Discovery of SY-589, a Highly Potent and Orally Bioavailable Polθ Helicase Inhibitor for the Treatment of HR-Deficient Tumors
- J Med Chem. 2026 Feb 12;69(3):2789-2813. doi: 10.1021/acs.jmedchem.5c02689.
- 1. Department of Medicinal Chemistry, School of Pharmacy, China Pharmaceutical University, 639 Longmian Avenue, Nanjing 211198, P. R. China.
- 2. Hangzhou SynRx Therapeutics Biomedical Technology Co., Ltd., 1390 Cangxing Road, Hangzhou 311121, P. R. China.
- 3. AutoDrug Biotech Co., Ltd., 298 XiangKe Road, Zhangjiang Hi-Tech Park, Shanghai 201210, P. R. China.
- 4. School of Medicine, Tsinghua University, Beijing 100084, P. R. China.
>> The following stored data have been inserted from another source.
lemma boundary_card_mult_le_fact:
  fixes v :: "'a set \<Rightarrow> 'b::linorder"
  assumes "finite M" "U \<subseteq> M" "x \<in> M - U" "y \<in> M - U" "F (insert x U)" "\<not> F (insert y U)"
    and A: "A \<subseteq> {\<sigma>. \<sigma> permutes M}"
    and F_iff: "\<And>\<sigma> S. \<sigma> \<in> A \<Longrightarrow> S \<subseteq> M \<Longrightarrow> F S \<longleftrightarrow> v (\<sigma> -` (M - S)) < v (\<sigma> -` S)"
  shows "card (M - U) * card A \<le> fact (card M)"
proof -
  define V where "V = M - U"
  define P where "P = {w \<in> V. F (insert w U)}"
  define \<beta> where "\<beta> z = transpose (if z \<in> P - {x} then y else x) z" for z
  have "x \<in> P" "y \<in> V - P" "P \<subseteq> V"
    using assms(3-6) by (auto simp: P_def V_def)
  then have partner: "(if z \<in> P - {x} then y else x) \<in> V" for z
    by auto
  have \<beta>_permutes: "\<beta> z permutes M" if "z \<in> V" for z
    unfolding \<beta>_def using partner[of z] that by (intro permutes_swap_id) (auto simp: V_def)
  have \<beta>_V: "\<beta> z w \<in> V \<longleftrightarrow> w \<in> V" if "z \<in> V" for z w
  proof -
    have "transpose (if z \<in> P - {x} then y else x) z ` V = V" using partner[of z] that by simp
    with in_transpose_image_iff show ?thesis unfolding \<beta>_def by metis
  qed
  have \<beta>_insert: "\<beta> z -` insert w U = insert (\<beta> z w) U" if "z \<in> V" for z w
    unfolding \<beta>_def using partner[of z] that by (intro transpose_vimage_insert) (auto simp: V_def)
  text \<open>From \<open>\<beta> z \<circ> \<sigma>\<close> with \<open>\<sigma> \<in> A\<close> one can read off \<open>\<beta> z ` P\<close>, and hence \<open>z\<close>.\<close>
  define D where "D \<tau> = {w \<in> V. v (\<tau> -` (M - insert w U)) < v (\<tau> -` insert w U)}" for \<tau>
  have read: "D (\<beta> z \<circ> \<sigma>) = \<beta> z ` P" if "z \<in> V" "\<sigma> \<in> A" for z \<sigma>
  proof -
    have "w \<in> D (\<beta> z \<circ> \<sigma>) \<longleftrightarrow> w \<in> V \<and> F (insert (\<beta> z w) U)" for w
    proof -
      have "\<beta> z -` (M - insert w U) = M - insert (\<beta> z w) U"
        using permutes_vimage_Diff[OF \<beta>_permutes[OF \<open>z \<in> V\<close>]] \<beta>_insert[OF \<open>z \<in> V\<close>] by simp
      moreover have "w \<in> V \<Longrightarrow> insert (\<beta> z w) U \<subseteq> M"
        using \<beta>_V[OF \<open>z \<in> V\<close>] \<open>U \<subseteq> M\<close> by (auto simp: V_def)
      ultimately show ?thesis
        using F_iff[OF \<open>\<sigma> \<in> A\<close>] \<beta>_insert[OF \<open>z \<in> V\<close>]
        by (auto simp: D_def vimage_comp[symmetric])
    qed
    moreover have "w \<in> \<beta> z ` P \<longleftrightarrow> \<beta> z w \<in> P" for w
      unfolding \<beta>_def by (rule in_transpose_image_iff)
    ultimately show ?thesis
      using \<beta>_V[OF \<open>z \<in> V\<close>] by (intro set_eqI) (simp add: P_def)
  qed
  have "inj_on (\<lambda>z. \<beta> z ` P) V"
    unfolding \<beta>_def by (rule inj_on_transpose_image[OF \<open>x \<in> P\<close> \<open>y \<in> V - P\<close> \<open>P \<subseteq> V\<close>])
  from card_mult_le_card_permutations[OF \<open>finite M\<close> \<beta>_permutes A read this]
  show ?thesis unfolding V_def .
qed

lemma card_permutations_strictly_preferring_le:
  fixes F :: "'a set \<Rightarrow> bool" and v :: "'a set \<Rightarrow> 'b::linorder"
  assumes "finite M" "card M = 2 * k" and total: "\<And>S. S \<subseteq> M \<Longrightarrow> F S \<or> F (M - S)"
  shows "(k + 1) * card {\<sigma>. \<sigma> permutes M \<and> (\<forall>S\<subseteq>M. F S \<longrightarrow> v (\<sigma> -` (M - S)) < v (\<sigma> -` S))}
           \<le> fact (2 * k)"
    (is "_ * card ?A \<le> _")
proof (cases "?A = {}")
  case False
  then obtain \<sigma>\<^sub>0 where "\<sigma>\<^sub>0 \<in> ?A" by blast
  have F_iff: "F S \<longleftrightarrow> v (\<sigma> -` (M - S)) < v (\<sigma> -` S)" if "\<sigma> \<in> ?A" "S \<subseteq> M" for \<sigma> S
  proof
    have pref: "v (\<sigma> -` (M - S')) < v (\<sigma> -` S')" if "S' \<subseteq> M" "F S'" for S'
      using \<open>\<sigma> \<in> ?A\<close> that by blast
    show "F S \<Longrightarrow> v (\<sigma> -` (M - S)) < v (\<sigma> -` S)" using pref \<open>S \<subseteq> M\<close> .
    assume less: "v (\<sigma> -` (M - S)) < v (\<sigma> -` S)"
    show "F S"
    proof (rule ccontr)
      assume "\<not> F S"
      then have "v (\<sigma> -` (M - (M - S))) < v (\<sigma> -` (M - S))"
        using pref[of "M - S"] total[OF \<open>S \<subseteq> M\<close>] by blast
      with less \<open>S \<subseteq> M\<close> show False by (simp add: double_diff)
    qed
  qed
  have "F (M - S) \<longleftrightarrow> \<not> F S" if "S \<subseteq> M" for S
    using F_iff[OF \<open>\<sigma>\<^sub>0 \<in> ?A\<close> that] F_iff[OF \<open>\<sigma>\<^sub>0 \<in> ?A\<close>, of "M - S"] total[OF that] that
    by (auto simp: double_diff)
  then obtain U x y where U: "U \<subseteq> M" "x \<in> M - U" "y \<in> M - U" "card U + 1 = k"
      and "F (insert x U)" "\<not> F (insert y U)"
    using exists_boundary_of_complementary[OF \<open>finite M\<close> \<open>card M = 2 * k\<close>] by metis
  have "card (M - U) = k + 1"
    using U \<open>finite M\<close> \<open>card M = 2 * k\<close> by (simp add: card_Diff_subset finite_subset)
  moreover have "?A \<subseteq> {\<sigma>. \<sigma> permutes M}" by blast
  note boundary_card_mult_le_fact[OF \<open>finite M\<close> U(1-3) \<open>F (insert x U)\<close> \<open>\<not> F (insert y U)\<close> this F_iff]
  ultimately show ?thesis using \<open>card M = 2 * k\<close> by simp
qed (simp only: card.empty mult_0_right zero_le)

lemma renamed_eq_vimage: "\<sigma> permutes M \<Longrightarrow> renamed v \<sigma> S = v (\<sigma> -` S)"
  by (simp add: renamed_def bij_vimage_eq_inv_image permutes_bij)

lemma envy_free_exists_iff_bundle:
  "envy_free_exists M w1 w2 \<longleftrightarrow> (\<exists>S\<subseteq>M. w1 (M - S) \<le> w1 S \<and> w2 S \<le> w2 (M - S))"
proof
  assume "envy_free_exists M w1 w2"
  then obtain A1 A2 where "A1 \<union> A2 = M" "A1 \<inter> A2 = {}" "w1 A2 \<le> w1 A1" "w2 A1 \<le> w2 A2"
    unfolding envy_free_exists_def by blast
  moreover from this have "A2 = M - A1" by blast
  ultimately show "\<exists>S\<subseteq>M. w1 (M - S) \<le> w1 S \<and> w2 S \<le> w2 (M - S)"
    by (intro exI[of _ A1]) auto
next
  assume "\<exists>S\<subseteq>M. w1 (M - S) \<le> w1 S \<and> w2 S \<le> w2 (M - S)"
  then obtain S where "S \<subseteq> M" "w1 (M - S) \<le> w1 S" "w2 S \<le> w2 (M - S)" by blast
  then show "envy_free_exists M w1 w2"
    unfolding envy_free_exists_def by (intro exI[of _ S] exI[of _ "M - S"]) auto
qed

lemma one_minus_prob_EF:
  assumes "finite M"
  shows "1 - prob_EF M v1 v2 =
    (\<Sum>\<sigma>\<^sub>1 | \<sigma>\<^sub>1 permutes M. real (card {\<sigma>\<^sub>2. \<sigma>\<^sub>2 permutes M \<and>
        \<not> envy_free_exists M (renamed v1 \<sigma>\<^sub>1) (renamed v2 \<sigma>\<^sub>2)})) / (fact (card M))\<^sup>2"
proof -
  let ?P = "{\<sigma>. \<sigma> permutes M}"
  define EF where "EF \<sigma>\<^sub>1 \<sigma>\<^sub>2 \<longleftrightarrow> envy_free_exists M (renamed v1 \<sigma>\<^sub>1) (renamed v2 \<sigma>\<^sub>2)" for \<sigma>\<^sub>1 \<sigma>\<^sub>2
  define Good where "Good = {(\<sigma>\<^sub>1, \<sigma>\<^sub>2). \<sigma>\<^sub>1 permutes M \<and> \<sigma>\<^sub>2 permutes M \<and> EF \<sigma>\<^sub>1 \<sigma>\<^sub>2}"
  have "finite ?P" "card ?P = fact (card M)"
    using assms by (simp_all add: finite_permutations card_permutations)
  have "Good \<subseteq> ?P \<times> ?P" by (auto simp: Good_def)
  then have "finite Good" using \<open>finite ?P\<close> finite_subset by blast
  have "?P \<times> ?P - Good = Sigma ?P (\<lambda>\<sigma>\<^sub>1. {\<sigma>\<^sub>2. \<sigma>\<^sub>2 permutes M \<and> \<not> EF \<sigma>\<^sub>1 \<sigma>\<^sub>2})"
    by (auto simp: Good_def)
  then have "card (?P \<times> ?P) - card Good = (\<Sum>\<sigma>\<^sub>1\<in>?P. card {\<sigma>\<^sub>2. \<sigma>\<^sub>2 permutes M \<and> \<not> EF \<sigma>\<^sub>1 \<sigma>\<^sub>2})"
    using card_Diff_subset[OF \<open>finite Good\<close> \<open>Good \<subseteq> ?P \<times> ?P\<close>] card_SigmaI[OF \<open>finite ?P\<close>]
    by (simp add: \<open>finite ?P\<close> assms finite_permutations)
  moreover have "card Good \<le> card (?P \<times> ?P)"
    using \<open>finite ?P\<close> \<open>Good \<subseteq> ?P \<times> ?P\<close> by (intro card_mono) simp_all
  ultimately have diff: "real (card (?P \<times> ?P)) - real (card Good) =
      (\<Sum>\<sigma>\<^sub>1\<in>?P. real (card {\<sigma>\<^sub>2. \<sigma>\<^sub>2 permutes M \<and> \<not> EF \<sigma>\<^sub>1 \<sigma>\<^sub>2}))"
    by (simp flip: of_nat_diff)
  have card_PP: "real (card (?P \<times> ?P)) = (fact (card M))\<^sup>2"
    using \<open>card ?P = fact (card M)\<close> by (simp add: card_cartesian_product power2_eq_square)
  have "prob_EF M v1 v2 = real (card Good) / real (card (?P \<times> ?P))"
    by (simp add: prob_EF_def Good_def EF_def)
  moreover have "real (card (?P \<times> ?P)) \<noteq> 0"
    unfolding card_PP by simp
  ultimately have "1 - prob_EF M v1 v2 = (real (card (?P \<times> ?P)) - real (card Good)) / real (card (?P \<times> ?P))"
    by (simp add: diff_divide_distrib)
  also have "\<dots> = (\<Sum>\<sigma>\<^sub>1 | \<sigma>\<^sub>1 permutes M. real (card {\<sigma>\<^sub>2. \<sigma>\<^sub>2 permutes M \<and> \<not> EF \<sigma>\<^sub>1 \<sigma>\<^sub>2})) /
      (fact (card M))\<^sup>2"
    unfolding diff by (simp only: card_PP)
  finally show ?thesis unfolding EF_def .
qed

lemma prob_EF_ge:
  assumes "finite M" "even (card M)"
  shows "1 - 1 / (real (card M) / 2 + 1) \<le> prob_EF M v1 v2"
proof -
  obtain k where k: "card M = 2 * k" using \<open>even (card M)\<close> by blast
  have fibre_le: "real (card {\<sigma>\<^sub>2. \<sigma>\<^sub>2 permutes M \<and> \<not> envy_free_exists M (renamed v1 \<sigma>\<^sub>1) (renamed v2 \<sigma>\<^sub>2)})
          \<le> fact (card M) / real (k + 1)" for \<sigma>\<^sub>1
  proof -
    define F where "F S \<longleftrightarrow> renamed v1 \<sigma>\<^sub>1 (M - S) \<le> renamed v1 \<sigma>\<^sub>1 S" for S
    have "\<not> envy_free_exists M (renamed v1 \<sigma>\<^sub>1) (renamed v2 \<sigma>\<^sub>2) \<longleftrightarrow>
        (\<forall>S\<subseteq>M. F S \<longrightarrow> v2 (\<sigma>\<^sub>2 -` (M - S)) < v2 (\<sigma>\<^sub>2 -` S))" if "\<sigma>\<^sub>2 permutes M" for \<sigma>\<^sub>2
      unfolding envy_free_exists_iff_bundle renamed_eq_vimage[OF that] F_def by (auto simp: not_le)
    then have fibre_eq: "{\<sigma>\<^sub>2. \<sigma>\<^sub>2 permutes M \<and> \<not> envy_free_exists M (renamed v1 \<sigma>\<^sub>1) (renamed v2 \<sigma>\<^sub>2)} =
        {\<sigma>\<^sub>2. \<sigma>\<^sub>2 permutes M \<and> (\<forall>S\<subseteq>M. F S \<longrightarrow> v2 (\<sigma>\<^sub>2 -` (M - S)) < v2 (\<sigma>\<^sub>2 -` S))}"
      by blast
    have total: "F S \<or> F (M - S)" if "S \<subseteq> M" for S
      using that by (metis F_def double_diff order_refl nle_le)
    have "(k + 1) * card {\<sigma>\<^sub>2. \<sigma>\<^sub>2 permutes M \<and> \<not> envy_free_exists M (renamed v1 \<sigma>\<^sub>1) (renamed v2 \<sigma>\<^sub>2)}
        \<le> fact (card M)"
      using card_permutations_strictly_preferring_le[where F = F and v = v2, OF \<open>finite M\<close> k total] k
      unfolding fibre_eq by simp
    from of_nat_mono[where 'a = real, OF this] show ?thesis by (simp add: pos_le_divide_eq algebra_simps)
  qed
  have "1 - prob_EF M v1 v2 \<le> (\<Sum>\<sigma>\<^sub>1 | \<sigma>\<^sub>1 permutes M. fact (card M) / real (k + 1)) / (fact (card M))\<^sup>2"
    unfolding one_minus_prob_EF[OF \<open>finite M\<close>] by (intro divide_right_mono sum_mono fibre_le) simp
  also have "\<dots> = 1 / real (k + 1)"
    using \<open>finite M\<close> by (simp add: card_permutations power2_eq_square)
  finally show ?thesis using k by (simp add: add.commute)
qed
DNA Polymerase theta (Polθ), which mediates microhomology-mediated end joining (MMEJ) in homologous recombination-deficient (HRD) cancers, has recently emerged as a compelling synthetic lethal target. Combining Polθ inhibition with PARP inhibitors represents a promising strategy to overcome PARP Inhibitor resistance. Here, we present the discovery of SY-589, a highly potent (ATPase IC50 = 2.29 nM), selective (selectivity index >1800), and orally bioavailable (F = 107%) Polθ helicase inhibitor, which exhibits robust antitumor efficacy in HRD tumors in vitro (CTG IC50 = 2.71 nM). Notably, SY-589 synergized strongly with the PARP Inhibitor Olaparib in vitro (Loewe score >20) and in vivo (TGI = 109%), enhancing antitumor effects while permitting reduced Olaparib dosing. Overall, SY-589 is a promising candidate of Polθ inhibitor and has been positioned as a rational combination partner with PARP inhibitors, aiming to overcome PARP Inhibitor resistance and mitigate their dose-limiting toxicities.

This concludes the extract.